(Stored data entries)
=== Begin Enclosure ===
(* For every $\kappa,\lambda\in(0,1)$, the measure rule LB-NxM$(\kappa,\lambda)$ is $\zeta$-slick for $\zeta=1/(\kappa n)$: for all neighboring samples $S,S'\in(\mathcal{X}\times\{\pm1\})^n$ and every finite sequence of hypotheses $H=(h_1,\dots,h_t)$ with $h_j:\mathcal X\to[-1,1]$, letting $\hat\mu$ and $\hat\mu'$ be the distributions output by LB-NxM on $(S,H)$ and $(S',H)$, we have $\Delta(\hat\mu,\hat\mu')\le\frac{1}{\kappa n}$.
   Context: Neighboring samples differ in at most one position. $\Delta(Y,Z)=\max_A|\Pr[Y\in A]-\Pr[Z\in A]|$ is statistical distance. Measures on $[n]$: $\mu:[n]\to[0,1]$, $|\mu|=\sum_i\mu(i)$, $d(\mu)=|\mu|/n$, $\hat\mu=\mu/|\mu|$, $\mathrm{KL}(\mu_1\|\mu_2)=\sum_i\mu_1(i)\log(\mu_1(i)/\mu_2(i))+\mu_2(i)-\mu_1(i)$, $\Gamma_\kappa=\{\mu:d(\mu)\ge\kappa\}$, $\Pi_{\Gamma_\kappa}\tilde\mu=\arg\min_{\mu\in\Gamma_\kappa}\mathrm{KL}(\mu\|\tilde\mu)$. LB-NxM$(\kappa,\lambda)$ on $S=((x_i,y_i))_{i=1}^n$ and $h_1,\dots,h_t$: $\ell_j(i)=1-\frac12|h_j(x_i)-y_i|$, $\tilde\mu(i)=\kappa e^{-\lambda\sum_{j=1}^t\ell_j(i)}$, $\mu=\Pi_{\Gamma_\kappa}\tilde\mu$, output $\hat\mu$. *)

theory Defs
  imports Complex_Main
begin

text \<open>Measures on [n] = {1..n}: functions nat => real with values in [0,1] on {1..n}
  and zero outside (the zero-outside convention makes the representation canonical).\<close>
definition measures :: "nat \<Rightarrow> (nat \<Rightarrow> real) set" where
  "measures n = {\<mu>. (\<forall>i\<in>{1..n}. 0 \<le> \<mu> i \<and> \<mu> i \<le> 1) \<and> (\<forall>i. i \<notin> {1..n} \<longrightarrow> \<mu> i = 0)}"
=== End Enclosure ===
**What to produce**: What are the lines from the one with "text \<open>Measures on" through the last line of the records above? Quote them exactly and add nothing.

**Exercise solution**:
text \<open>Measures on [n] = {1..n}: functions nat => real with values in [0,1] on {1..n}
  and zero outside (the zero-outside convention makes the representation canonical).\<close>
definition measures :: "nat \<Rightarrow> (nat \<Rightarrow> real) set" where
  "measures n = {\<mu>. (\<forall>i\<in>{1..n}. 0 \<le> \<mu> i \<and> \<mu> i \<le> 1) \<and> (\<forall>i. i \<notin> {1..n} \<longrightarrow> \<mu> i = 0)}"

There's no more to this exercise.